Kafka lets us publish and subscribe to streams of records and the records can be of any type, it can be JSON, String, POJO, etc. Kafka gives user the ability to creates our own serializer and deserializer so that we can transmit different data type using it. In this blog I will demonstrate how to create a custom serializer and deserializer but first let’s understand what is serialization and why to serialize?
Serialization and Deserialization
Serialization is the process of converting an object into a stream of bytes and that bytes are used for transmission. Kafka stores and transmit these bytes of array in its queue.
Deserialization as the name suggest does the opposite of serialization where we convert bytes of array into the desired data type. Kafka provides serializer and deserializer for few data types String, Long, Double, Integer, Bytes etc.
Check all pre-build (de) serializers :
https://kafka.apache.org/0100/javadoc/org/apache/kafka/common/serialization/package-summary.html
Now I hope you understand what is serialization and why we serialize any object, so let’s begin with its implementation.
Implementation
To create serializer class we need to implement org.apache.kafka.common.serialization.Serializer interface and similarly to create deserializer class we need to implement org.apache.kafka.common.serialization.Deserializer interface.
Both serializer and deserializer interfaces consist of three methods:
- configure : This method called at startup with configuration.

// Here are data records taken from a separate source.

text \<open>The conditional laws of a deterministic sequence are the Dirac measures at its values.\<close>

lemma return_in_U_K1:
  assumes xs: "xs \<in> space (seq_space M T)" and card: "card (xs ` {..<T}) \<le> K"
  shows "return (seq_space M T) xs \<in> U_K1 M T K"
proof -
  let ?N = "seq_space M T"
  define \<kappa> where "\<kappa> t h = return M (xs t)" for t :: nat and h :: "nat \<Rightarrow> 'a"
  have "conditional_laws M T (return ?N xs) \<kappa>"
    unfolding conditional_laws_def
  proof (intro allI impI conjI ballI)
    fix t assume t: "t < T"
    then have "xs t \<in> space M"
      using xs unfolding seq_space_def space_PiM by (auto simp: PiE_iff)
    then show "\<kappa> t \<in> seq_space M t \<rightarrow>\<^sub>M prob_algebra M"
      unfolding \<kappa>_def by (intro measurable_const) (simp add: space_prob_algebra prob_space_return)
    fix A B assume A: "A \<in> sets (seq_space M t)" and B: "B \<in> sets M"
    have past: "(\<lambda>x. restrict x {..<t}) \<in> ?N \<rightarrow>\<^sub>M seq_space M t"
      unfolding seq_space_def by (rule measurable_restrict_subset) (use t in auto)
    have now: "(\<lambda>x. x t) \<in> ?N \<rightarrow>\<^sub>M M"
      unfolding seq_space_def using t by (intro measurable_component_singleton) auto
    have "{x\<in>space (return ?N xs). restrict x {..<t} \<in> A \<and> x t \<in> B}
        = ((\<lambda>x. restrict x {..<t}) -` A \<inter> space ?N) \<inter> ((\<lambda>x. x t) -` B \<inter> space ?N)"
      by auto
    then have "{x\<in>space (return ?N xs). restrict x {..<t} \<in> A \<and> x t \<in> B} \<in> sets ?N"
      using measurable_sets[OF past A] measurable_sets[OF now B] by auto
    moreover have "(\<lambda>x. indicator A (restrict x {..<t}) :: ennreal) \<in> borel_measurable ?N"
      using measurable_compose[OF past borel_measurable_indicator[OF A]] by simp
    then have "(\<lambda>x. indicator A (restrict x {..<t}) * emeasure (\<kappa> t (restrict x {..<t})) B :: ennreal)
        \<in> borel_measurable ?N"
      unfolding \<kappa>_def by simp
    ultimately show "emeasure (return ?N xs) {x\<in>space (return ?N xs). restrict x {..<t} \<in> A \<and> x t \<in> B}
        = (\<integral>\<^sup>+ x. indicator A (restrict x {..<t}) * emeasure (\<kappa> t (restrict x {..<t})) B \<partial>return ?N xs)"
      using xs B by (simp add: nn_integral_return \<kappa>_def indicator_def)
  qed
  moreover have "card ((\<lambda>t. \<kappa> t (restrict x {..<t})) ` {..<T}) \<le> K" for x
  proof -
    have "(\<lambda>t. \<kappa> t (restrict x {..<t})) ` {..<T} = return M ` (xs ` {..<T})"
      unfolding \<kappa>_def by auto
    then show ?thesis
      using card_image_le[of "xs ` {..<T}" "return M"] card by auto
  qed
  ultimately show ?thesis
    unfolding U_K1_def using prob_space_return[OF xs] by auto
qed

lemma sets_seq_space_count_space:
  assumes "A \<subseteq> space (seq_space (count_space (UNIV::nat set)) n)"
  shows "A \<in> sets (seq_space (count_space (UNIV::nat set)) n)"
proof -
  let ?N = "seq_space (count_space (UNIV::nat set)) n"
  have space: "space ?N = PiE {..<n} (\<lambda>_. UNIV)"
    unfolding seq_space_def space_PiM by simp
  have "countable (PiE {..<n} (\<lambda>_. UNIV :: nat set))"
    by (intro countable_PiE) auto
  then have "countable A"
    using assms countable_subset unfolding space by blast
  moreover have "{a} \<in> sets ?N" if "a \<in> A" for a
  proof -
    have "a \<in> PiE {..<n} (\<lambda>_. UNIV)"
      using that assms space by auto
    then have "{a} = PiE {..<n} (\<lambda>i. {a i})"
      by (intro PiE_singleton[symmetric]) (simp add: PiE_iff)
    also have "\<dots> \<in> sets ?N"
      unfolding seq_space_def by (intro sets_PiM_I_finite) auto
    finally show ?thesis .
  qed
  ultimately show ?thesis
    by (rule sets.countable[rotated])
qed

lemma measurable_seq_space_count_space:
  "f \<in> space (seq_space (count_space (UNIV::nat set)) n) \<rightarrow> space N
    \<Longrightarrow> f \<in> seq_space (count_space (UNIV::nat set)) n \<rightarrow>\<^sub>M N"
  by (intro measurableI) (auto intro: sets_seq_space_count_space)

lemma nn_integral_distr_pmf_of_set:
  assumes "finite W" "W \<noteq> {}" "\<And>w. G w \<in> space N" "F \<in> borel_measurable N"
  shows "(\<integral>\<^sup>+x. F x \<partial>distr (measure_pmf (pmf_of_set W)) N G) = (\<Sum>w\<in>W. F (G w)) / card W"
proof -
  have "G \<in> measure_pmf (pmf_of_set W) \<rightarrow>\<^sub>M N"
    using assms(3) by simp
  then show ?thesis
    using assms by (simp add: nn_integral_distr nn_integral_pmf_of_set)
qed

lemma minimax_regret_ge:
  fixes M :: "'a measure"
  assumes "\<And>\<phi>. \<phi> \<in> learners \<Longrightarrow> \<exists>\<nu>\<in>U_K1 M T K. B \<le> (\<integral>\<^sup>+x. e2ennreal (worst_regret H T \<phi> x) \<partial>\<nu>)"
  shows "B \<le> minimax_regret M H T K"
  unfolding minimax_regret_def
proof (rule INF_greatest)
  fix \<phi> :: "nat \<Rightarrow> (nat \<Rightarrow> 'a) \<Rightarrow> (nat \<Rightarrow> real) \<Rightarrow> real"
  assume "\<phi> \<in> learners"
  then obtain \<nu> where "\<nu> \<in> U_K1 M T K" "B \<le> (\<integral>\<^sup>+x. e2ennreal (worst_regret H T \<phi> x) \<partial>\<nu>)"
    using assms by blast
  then show "B \<le> (SUP \<nu>\<in>U_K1 M T K. \<integral>\<^sup>+x. e2ennreal (worst_regret H T \<phi> x) \<partial>\<nu>)"
    by (rule SUP_upper2)
qed

context epoch_construction
begin

definition scaled_queries :: "(nat \<Rightarrow> bool) \<Rightarrow> nat \<Rightarrow> real" where
  "scaled_queries m = restrict (\<lambda>s. real (dyadic_query K m (epoch s)) / 2^K) {..<T}"

lemma scaled_queries_in_space:
  "scaled_queries m \<in> space (seq_space (restrict_space borel {0..1}) T)"
proof -
  have "scaled_queries m t \<in> {0..1}" if "t < T" for t
    using dyadic_query_less[OF epoch_less, of m t] unfolding scaled_queries_def
    by (simp add: that divide_le_eq_1 less_imp_le of_nat_less_iff[symmetric])
  then show ?thesis
    unfolding seq_space_def space_PiM by (auto simp: space_restrict_space scaled_queries_def)
qed

lemma return_scaled_queries_in_U_K1:
  "return (seq_space (restrict_space borel {0..1}) T) (scaled_queries m) \<in> U_K1 (restrict_space borel {0..1}) T K"
proof (rule return_in_U_K1[OF scaled_queries_in_space])
  have "scaled_queries m ` {..<T} \<subseteq> (\<lambda>j. real (dyadic_query K m j) / 2^K) ` {..<K}"
    unfolding scaled_queries_def using epoch_less by auto
  then show "card (scaled_queries m ` {..<T}) \<le> K"
    by (rule card_le_if_subset_image_lessThan)
qed

lemma nn_integral_return_scaled_queries_ge:
  "f (scaled_queries m) \<le> (\<integral>\<^sup>+x. f x \<partial>return (seq_space (restrict_space borel {0..1}) T) (scaled_queries m))"
proof (rule nn_integral_return_ge[OF scaled_queries_in_space])
  have "{scaled_queries m} = PiE {..<T} (\<lambda>t. {scaled_queries m t})"
    unfolding scaled_queries_def by (rule PiE_singleton[symmetric]) simp
  also have "\<dots> \<in> sets (seq_space (restrict_space borel {0..1}) T)"
    using scaled_queries_in_space unfolding seq_space_def
    by (intro sets_PiM_I_finite) (auto simp: sets_restrict_space_iff space_PiM space_restrict_space PiE_iff)
  finally show "{scaled_queries m} \<in> sets (seq_space (restrict_space borel {0..1}) T)" .
qed

end

lemma threshold_process_regret_ge:
  assumes "1 \<le> K" "1 \<le> L" "K * L \<le> T" "\<phi> \<in> learners"
  shows "\<exists>\<nu>\<in>U_K1 (restrict_space borel {0..1::real}) T K.
    ennreal (epoch_regret_bound K L 1) \<le> (\<integral>\<^sup>+x. e2ennreal (worst_regret threshold_class T \<phi> x) \<partial>\<nu>)"
proof -
  interpret epoch_construction K L T 1
    using assms by unfold_locales auto
  define w0 where "w0 = restrict (\<lambda>_. 0::nat) {..<T}"
  have "colorings = PiE {..<T} (\<lambda>t. {w0 t})"
    by (intro PiE_cong) (auto simp: w0_def)
  also have "\<dots> = {w0}"
    unfolding w0_def by (rule PiE_singleton) (rule restrict_extensional)
  finally obtain ys where ys: "ys \<in> labelings" and regret: "epoch_regret_bound K L 1
    \<le> (\<Sum>t<T. \<bar>\<phi> t (restrict (\<lambda>s. real (position ys w0 (w0 s) s) / 2^K) {..t}) (restrict ys {..<t}) - ys t\<bar>)
      - (\<Sum>t<T. \<bar>majority_label ys w0 t - ys t\<bar>)"
    using exists_labeling_with_large_regret[OF assms(4), of "\<lambda>p _. real p / 2^K"] by auto
  define m where "m j = majority ys w0 j 0" for j
  define xs where "xs = scaled_queries m"
  define a where "a = real (dyadic_threshold K m) / 2^K"
  have position_w0: "position ys w0 (w0 s) s = dyadic_query K m (epoch s)" if "s < T" for s
    using that unfolding position_def m_def w0_def by simp
  have a_in: "(\<lambda>x. if a \<le> x then 1 else 0) \<in> threshold_class"
    using dyadic_threshold_le[of K m] unfolding threshold_class_def a_def
    by (auto simp: of_nat_le_iff[symmetric])
  have "(if a \<le> xs t then 1 else 0) = majority_label ys w0 t" if "t < T" for t
    using that majority_label_eq_threshold[of ys w0 t] position_w0[OF that]
    unfolding a_def xs_def scaled_queries_def m_def by (simp add: w0_def field_simps)
  moreover have "restrict xs {..t} = restrict (\<lambda>s. real (position ys w0 (w0 s) s) / 2^K) {..t}" if "t < T" for t
    using that position_w0 by (intro restrict_ext) (auto simp: xs_def scaled_queries_def)
  ultimately have "(\<Sum>t<T. \<bar>\<phi> t (restrict xs {..t}) (restrict ys {..<t}) - ys t\<bar>)
      - (\<Sum>t<T. \<bar>(if a \<le> xs t then 1 else 0) - ys t\<bar>)
    = (\<Sum>t<T. \<bar>\<phi> t (restrict (\<lambda>s. real (position ys w0 (w0 s) s) / 2^K) {..t}) (restrict ys {..<t}) - ys t\<bar>)
      - (\<Sum>t<T. \<bar>majority_label ys w0 t - ys t\<bar>)"
    by (intro arg_cong2[where f = minus] sum.cong) simp_all
  then have "ennreal (epoch_regret_bound K L 1) \<le> ennreal ((\<Sum>t<T. \<bar>\<phi> t (restrict xs {..t}) (restrict ys {..<t}) - ys t\<bar>)
      - (\<Sum>t<T. \<bar>(if a \<le> xs t then 1 else 0) - ys t\<bar>))"
    using regret by (intro ennreal_leI) simp
  also have "\<dots> \<le> e2ennreal (worst_regret threshold_class T \<phi> xs)"
    by (rule worst_regret_ge_regret_of[OF a_in ys])
  also have "\<dots> \<le> (\<integral>\<^sup>+x. e2ennreal (worst_regret threshold_class T \<phi> x) \<partial>return (seq_space (restrict_space borel {0..1}) T) xs)"
    unfolding xs_def by (rule nn_integral_return_scaled_queries_ge)
  finally show ?thesis
    using return_scaled_queries_in_U_K1 unfolding xs_def by blast
qed

definition color_threshold_class :: "nat \<Rightarrow> (nat \<Rightarrow> real) set" where
  "color_threshold_class d = {(\<lambda>n. if \<theta> (n mod d) \<le> n div d then 1 else 0) | \<theta> :: nat \<Rightarrow> nat. True}"

lemma binary_color_threshold_class: "binary_class UNIV (color_threshold_class d)"
  unfolding binary_class_def color_threshold_class_def by auto

text \<open>Two shattered points cannot share a color: the one with the larger position would be labelled 1
  whenever the other one is.\<close>

lemma VC_le_color_threshold_class:
  assumes "1 \<le> d"
  shows "VC_le UNIV (color_threshold_class d) d"
  unfolding VC_le_def
proof (intro allI impI)
  fix S :: "nat set"
  assume "S \<subseteq> UNIV \<and> finite S \<and> shatters (color_threshold_class d) S"
  then have shatters: "shatters (color_threshold_class d) S"
    by simp
  have "x div d \<ge> z div d" if "x \<in> S" "z \<in> S" "x mod d = z mod d" "x \<noteq> z" for x z
  proof (rule ccontr)
    assume less: "\<not> x div d \<ge> z div d"
    obtain h where h: "h \<in> color_threshold_class d" and "\<forall>u\<in>S. h u = 1 \<longleftrightarrow> u \<in> {x}"
      using shatters \<open>x \<in> S\<close> unfolding shatters_def by (meson empty_subsetI insert_subset)
    then have "h x = 1" "h z \<noteq> 1"
      using that by auto
    moreover obtain \<theta> where "h = (\<lambda>n. if \<theta> (n mod d) \<le> n div d then 1 else 0)"
      using h unfolding color_threshold_class_def by blast
    ultimately show False
      using less \<open>x mod d = z mod d\<close> by (auto split: if_splits)
  qed
  then have "inj_on (\<lambda>n. n mod d) S"
    by (intro inj_onI) (metis div_mult_mod_eq le_antisym)
  moreover have "(\<lambda>n. n mod d) ` S \<subseteq> {..<d}"
    using assms by auto
  ultimately show "card S \<le> d"
    by (metis card_image card_lessThan card_mono finite_lessThan)
qed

- serialize/deserialize : This method is used for serialization and deserialization.
- close : This method called when Kafka session is to be closed.
Serializer Interface
public interface Serializer extends Closeable { void configure(Map<String, ?> var1, boolean var2); byte[] serialize(String var1, T var2); void close(); }
Deserializer Interface
public interface Deserializer extends Closeable { void configure(Map<String, ?> var1, boolean var2); T deserialize(String var1, byte[] var2); void close(); }
Let’s start with an example:
Dependencies I’ve used:
- Kafka – 0.10.1.1
- FasterXML jackson – 2.8.6
User.java
public class User { private String name; private int age; public User() { } public User(String name, int age) { this.name = name; this.age = age; } public String getName() { return this.name; } public int getAge() { return this.age; } @Override public String toString() { return "User(" + name + ", " + age + ")"; } }
UserSerializer.java
public class UserSerializer implements Serializer { @Override public void configure(Map<String, ?> map, boolean b) { } @Override public byte[] serialize(String arg0, User arg1) { byte[] retVal = null; ObjectMapper objectMapper = new ObjectMapper(); try { retVal = objectMapper.writeValueAsString(arg1).getBytes(); } catch (Exception e) { e.printStackTrace(); } return retVal; } @Override public void close() { } }
UserDeserializer.java
public class UserDeserializer implements Deserializer { @Override public void close() { } @Override public void configure(Map<String, ?> arg0, boolean arg1) { } @Override public User deserialize(String arg0, byte[] arg1) { ObjectMapper mapper = new ObjectMapper(); User user = null; try { user = mapper.readValue(arg1, User.class); } catch (Exception e) { e.printStackTrace(); } return user; } }
Now what’s left is to use these serializer and deserializer.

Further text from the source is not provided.